Sergei Chuzavkov, Associated Press
Ukrainian President Petro Poroshenko, left, and Ukraine's Prime Minister Arseniy Yatsenyuk during a meeting of the National Security and Defence Council of Ukraine in Kiev, Ukraine, Tuesday, Nov. 4, 2014. Ukraine's prime minister said Wednesday that the government will freeze budget subsidies for eastern territories controlled by pro-Russian separatists, a move that could worsen already grievous economic conditions there.

KIEV, Ukraine — Ukraine's prime minister said Wednesday that the government will freeze budget subsidies for eastern territories controlled by pro-Russian separatists, a move that could worsen already grievous economic conditions there.

Arseniy Yatsenyuk said at a government meeting that $2.6 billion in state support will be held back from rebel-held areas in the Donetsk and Luhansk regions.

Aging industrial operations in Ukraine's economically depressed but coal-rich east have for many years relied heavily on state subsidies.

Yatsenyuk said the payment of pensions and government benefits to residents in conflict-stricken parts of the east will resume after they have been surrendered by separatist forces.

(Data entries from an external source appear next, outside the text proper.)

section \<open>Gluing two graphs at a vertex\<close>

locale one_point_union =
  fixes V1 V2 :: "'a set" and E1 E2 :: "'a set set" and v :: 'a
  assumes edges1_subset: "e \<in> E1 \<Longrightarrow> e \<subseteq> V1"
    and edges2_subset: "e \<in> E2 \<Longrightarrow> e \<subseteq> V2"
    and vertices_inter: "V1 \<inter> V2 = {v}"
    and edges_doubleton: "e \<in> E1 \<union> E2 \<Longrightarrow> \<exists>x y. x \<noteq> y \<and> e = {x, y}"
begin

lemma swap_sides: "one_point_union V2 V1 E2 E1 v"
  by unfold_locales (use edges1_subset edges2_subset vertices_inter edges_doubleton in auto)

lemma edges_disjoint: "E1 \<inter> E2 = {}"
proof -
  have "e \<subseteq> {v}" if "e \<in> E1" "e \<in> E2" for e
    using that edges1_subset edges2_subset vertices_inter by blast
  then show ?thesis using edges_doubleton by fastforce
qed

lemma is_subgraph_union: "is_subgraph (V1, E1) (V1 \<union> V2, E1 \<union> E2)"
  unfolding is_subgraph_def using edges1_subset by auto

lemma cycle_edges_one_side:
  assumes T1: "is_subgraph T1 (V1, E1)" and T2: "is_subgraph T2 (V2, E2)"
    and cycle: "is_cycle (graph_union T1 T2) vs"
  defines "edge i \<equiv> {vs ! i, vs ! ((i + 1) mod length vs)}"
  shows "(\<forall>i<length vs. edge i \<in> snd T1) \<or> (\<forall>i<length vs. edge i \<in> snd T2)"
proof (rule ccontr)
  define L where "L = length vs"
  have L: "L > 0" and distinct: "distinct vs"
    and edges: "\<And>i. i < L \<Longrightarrow> edge i \<in> snd T1 \<union> snd T2"
    using cycle unfolding is_cycle_def graph_union_def L_def edge_def by auto
  assume "\<not> ?thesis"
  then obtain i j where i: "i < L" "edge i \<in> snd T1" and j: "j < L" "edge j \<notin> snd T1"
    using edges unfolding L_def by blast
  \<comment> \<open>The cycle switches sides at two different positions, each time at a common vertex,
      i.e. at v; but it visits v only once.\<close>
  have switch: "vs ! ((c + 1) mod L) = v"
    if "c < L" "(edge c \<in> snd T1) \<noteq> (edge ((c + 1) mod L) \<in> snd T1)" for c
  proof -
    have "edge c \<in> E1 \<and> edge ((c + 1) mod L) \<in> E2 \<or> edge c \<in> E2 \<and> edge ((c + 1) mod L) \<in> E1"
      using that edges[of c] edges[of "(c + 1) mod L"] L T1 T2 unfolding is_subgraph_def by auto
    moreover have "vs ! ((c + 1) mod L) \<in> edge c" "vs ! ((c + 1) mod L) \<in> edge ((c + 1) mod L)"
      unfolding edge_def L_def by auto
    ultimately have "vs ! ((c + 1) mod L) \<in> V1 \<inter> V2"
      using edges1_subset edges2_subset by blast
    then show ?thesis using vertices_inter by blast
  qed
  obtain a where a: "a < L" "edge a \<in> snd T1" "edge ((a + 1) mod L) \<notin> snd T1"
    using cyclic_change_point[of "\<lambda>i. edge i \<in> snd T1" i j L] i j by blast
  obtain b where b: "b < L" "edge b \<notin> snd T1" "edge ((b + 1) mod L) \<in> snd T1"
    using cyclic_change_point[of "\<lambda>i. edge i \<notin> snd T1" j i L] i j by blast
  have "vs ! ((a + 1) mod L) = vs ! ((b + 1) mod L)"
    using switch[of a] switch[of b] a b by auto
  then have "(a + 1) mod L = (b + 1) mod L"
    using distinct L unfolding L_def by (simp add: nth_eq_iff_index_eq)
  then have "a = b" using a(1) b(1) by (auto simp: mod_Suc split: if_splits)
  then show False using a b by blast
qed

lemma acyclic_graph_union:
  assumes "T1 \<in> subtrees (V1, E1)" "T2 \<in> subtrees (V2, E2)"
  shows "acyclic_graph (graph_union T1 T2)"
  unfolding acyclic_graph_def
proof
  assume "\<exists>vs. is_cycle (graph_union T1 T2) vs"
  then obtain vs where cycle: "is_cycle (graph_union T1 T2) vs" by blast
  have sub: "is_subgraph T1 (V1, E1)" "is_subgraph T2 (V2, E2)"
    using assms unfolding subtrees_def by auto
  then have "is_cycle T1 vs \<or> is_cycle T2 vs"
    using cycle_edges_one_side[OF sub cycle] is_cycle_if_edges[OF cycle]
    unfolding is_subgraph_def by blast
  then show False using assms unfolding subtrees_def is_tree_def acyclic_graph_def by blast
qed

lemma graph_union_mem_subtrees_through:
  assumes T1: "T1 \<in> subtrees_through (V1, E1) v" and T2: "T2 \<in> subtrees_through (V2, E2) v"
  shows "graph_union T1 T2 \<in> subtrees_through (V1 \<union> V2, E1 \<union> E2) v"
proof -
  have v: "v \<in> fst T1" "v \<in> fst T2" and trees: "is_tree T1" "is_tree T2"
    using assms unfolding subtrees_through_def subtrees_def by auto
  have sub: "is_subgraph (graph_union T1 T2) (V1 \<union> V2, E1 \<union> E2)"
    using assms unfolding subtrees_through_def subtrees_def is_subgraph_def graph_union_def by auto
  have "(adjacent (snd (graph_union T1 T2)))\<^sup>*\<^sup>* u v" if "u \<in> fst (graph_union T1 T2)" for u
  proof -
    have "adjacent (snd T1) \<le> adjacent (snd (graph_union T1 T2))"
      "adjacent (snd T2) \<le> adjacent (snd (graph_union T1 T2))"
      unfolding adjacent_def graph_union_def by auto
    then show ?thesis
      using that trees v unfolding is_tree_def connected_graph_iff_adjacent graph_union_def
      by (metis UnE fst_conv rtranclp_mono predicate2D)
  qed
  then have "connected_graph (graph_union T1 T2)"
    using v by (intro connected_graphI_hub[of v]) (auto simp: graph_union_def)
  moreover have "acyclic_graph (graph_union T1 T2)"
    using assms acyclic_graph_union unfolding subtrees_through_def by blast
  ultimately show ?thesis
    using sub v unfolding subtrees_through_def subtrees_def is_tree_def graph_union_def by auto
qed

lemma subtree_avoiding_within_side:
  assumes T: "T \<in> subtrees (V1 \<union> V2, E1 \<union> E2)" and v: "v \<notin> fst T"
    and u: "u \<in> fst T" "u \<in> V1"
  shows "T \<in> subtrees_avoiding (V1, E1) v"
proof -
  have edges_in: "\<And>e. e \<in> snd T \<Longrightarrow> e \<subseteq> fst T" and edges: "snd T \<subseteq> E1 \<union> E2"
    and tree: "is_tree T"
    using T unfolding subtrees_def is_subgraph_def by auto
  \<comment> \<open>Leaving V1 along an edge of T would require passing through v.\<close>
  have step: "y \<in> V1" if "x \<in> V1" "adjacent (snd T) x y" for x y
  proof (cases "{x, y} \<in> E1")
    case True
    then show ?thesis using edges1_subset by blast
  next
    case False
    have xy: "{x, y} \<in> snd T" using that unfolding adjacent_def by simp
    with False edges have "x \<in> V2" using edges2_subset by blast
    then have "x = v" using vertices_inter that(1) by blast
    then show ?thesis using v xy edges_in by blast
  qed
  have vertices: "fst T \<subseteq> V1"
  proof
    fix w assume "w \<in> fst T"
    then have "(adjacent (snd T))\<^sup>*\<^sup>* u w"
      using tree u unfolding is_tree_def connected_graph_iff_adjacent by blast
    then show "w \<in> V1" by (induction rule: rtranclp_induct) (use u step in auto)
  qed
  have "e \<in> E1" if e: "e \<in> snd T" for e
  proof (rule ccontr)
    assume "e \<notin> E1"
    then have "e \<in> E2" using e edges by blast
    then have "e \<subseteq> {v}" "e \<noteq> {}"
      using edges2_subset edges_doubleton edges_in[OF e] vertices vertices_inter by blast+
    then show False using edges_in[OF e] v by blast
  qed
  then show ?thesis
    using T v vertices edges_in unfolding subtrees_avoiding_def subtrees_def is_subgraph_def by auto
qed

lemma subtrees_avoiding_cases:
  assumes T: "T \<in> subtrees (V1 \<union> V2, E1 \<union> E2)" and v: "v \<notin> fst T"
  shows "T \<in> subtrees_avoiding (V1, E1) v \<union> subtrees_avoiding (V2, E2) v"
proof -
  interpret swapped: one_point_union V2 V1 E2 E1 v by (rule swap_sides)
  obtain u where u: "u \<in> fst T" using T unfolding subtrees_def is_tree_def by blast
  then have "u \<in> V1 \<or> u \<in> V2" using T unfolding subtrees_def is_subgraph_def by auto
  moreover have "T \<in> subtrees (V2 \<union> V1, E2 \<union> E1)" using T by (simp add: Un_commute)
  ultimately show ?thesis
    using subtree_avoiding_within_side[OF T v u] swapped.subtree_avoiding_within_side[OF _ v u] by blast
qed

lemma rtranclp_adjacent_within_side:
  assumes T: "is_subgraph T (V1 \<union> V2, E1 \<union> E2)"
    and walk: "(adjacent (snd T))\<^sup>*\<^sup>* x v" and x: "x \<in> V1"
  shows "(adjacent (snd T \<inter> E1))\<^sup>*\<^sup>* x v"
  using walk x
proof (induction rule: converse_rtranclp_induct)
  case (step x y)
  show ?case
  proof (cases "x = v")
    case False
    have xy: "{x, y} \<in> snd T" using step.hyps(1) unfolding adjacent_def by simp
    have "{x, y} \<in> E1"
    proof (rule ccontr)
      assume "{x, y} \<notin> E1"
      moreover have "snd T \<subseteq> E1 \<union> E2" using T unfolding is_subgraph_def by simp
      ultimately have "x \<in> V2" using xy edges2_subset by blast
      then show False using vertices_inter step.prems False by blast
    qed
    then have "y \<in> V1" "adjacent (snd T \<inter> E1) x y"
      using edges1_subset xy unfolding adjacent_def by auto
    then show ?thesis using step.IH by (meson converse_rtranclp_into_rtranclp)
  qed simp
qed simp

lemma graph_inter_mem_subtrees_through:
  assumes T: "T \<in> subtrees (V1 \<union> V2, E1 \<union> E2)" and v: "v \<in> fst T"
  shows "graph_inter T (V1, E1) \<in> subtrees_through (V1, E1) v"
proof -
  have sub: "is_subgraph T (V1 \<union> V2, E1 \<union> E2)" and tree: "is_tree T"
    using T unfolding subtrees_def by auto
  have v1: "v \<in> V1" using vertices_inter by blast
  have "connected_graph (graph_inter T (V1, E1))"
  proof (rule connected_graphI_hub[of v])
    fix u assume "u \<in> fst (graph_inter T (V1, E1))"
    then have "u \<in> fst T" "u \<in> V1" unfolding graph_inter_def by auto
    then show "(adjacent (snd (graph_inter T (V1, E1))))\<^sup>*\<^sup>* u v"
      using rtranclp_adjacent_within_side[OF sub] tree v
      unfolding is_tree_def connected_graph_iff_adjacent graph_inter_def by simp
  qed (use v v1 in \<open>simp add: graph_inter_def\<close>)
  moreover have "acyclic_graph (graph_inter T (V1, E1))"
    using tree acyclic_graph_mono unfolding is_tree_def graph_inter_def by fastforce
  moreover have "is_subgraph (graph_inter T (V1, E1)) (V1, E1)"
    using sub edges1_subset unfolding is_subgraph_def graph_inter_def by auto
  ultimately show ?thesis
    using v v1 unfolding subtrees_through_def subtrees_def is_tree_def graph_inter_def by auto
qed

lemma graph_inter_graph_union:
  assumes T1: "T1 \<in> subtrees_through (V1, E1) v" and T2: "T2 \<in> subtrees (V2, E2)"
  shows "graph_inter (graph_union T1 T2) (V1, E1) = T1"
proof -
  have "fst T2 \<inter> V1 \<subseteq> fst T1" "snd T2 \<inter> E1 = {}"
    using assms edges_disjoint vertices_inter
    unfolding subtrees_through_def subtrees_def is_subgraph_def by auto
  then show ?thesis
    using T1 unfolding subtrees_through_def subtrees_def graph_inter_def graph_union_def is_subgraph_def
    by (cases T1) auto
qed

The government has not been paying pensions in those areas for several months, but has said back-payments will be paid to recipients when the rebels move out.

Ukraine's government has blamed Russia for fomenting the last six months of fighting between government forces and separatist fighters. Moscow denies that it supplies rebel fighters with either manpower or military equipment.

Yatsenyuk said suspending subsidies to the rebel-occupied areas would cut a vital source of funding for rebel forces.

"The money we pay into those territories today does not get to the people, but is stolen by Russian bandits, and this would be nothing but directly supporting Russian terrorism," he said.

The regions are some of the most economically depressed in Ukraine, and living standards have slipped further since hostilities erupted.

Yatsenyuk said gas and electricity would continue to be supplied to rebel zones.

"Those are our citizens, and the government will not allow these people to freeze as this would lead to a humanitarian catastrophe," he said.

A cease-fire deal was agreed in early September by rebel leaders, and Ukrainian and Russian officials, but fighting has continued all the same. More than 4,000 people have been killed in the region since the conflict began, according to UN estimates.

Interfax-Ukraine news agency quoted deputy Defense Minister Petro Mekhed as saying Wednesday that military intelligence had noted a recent increase in the number of Russian troops in the Donetsk and Luhansk regions.

In apparent response to a feared imminent escalation in hostilities, Ukrainian President Petro Poroshenko said Tuesday that additional troops are being deployed to the east. Poroshenko said the units would defend cities still under government control against possible incursions.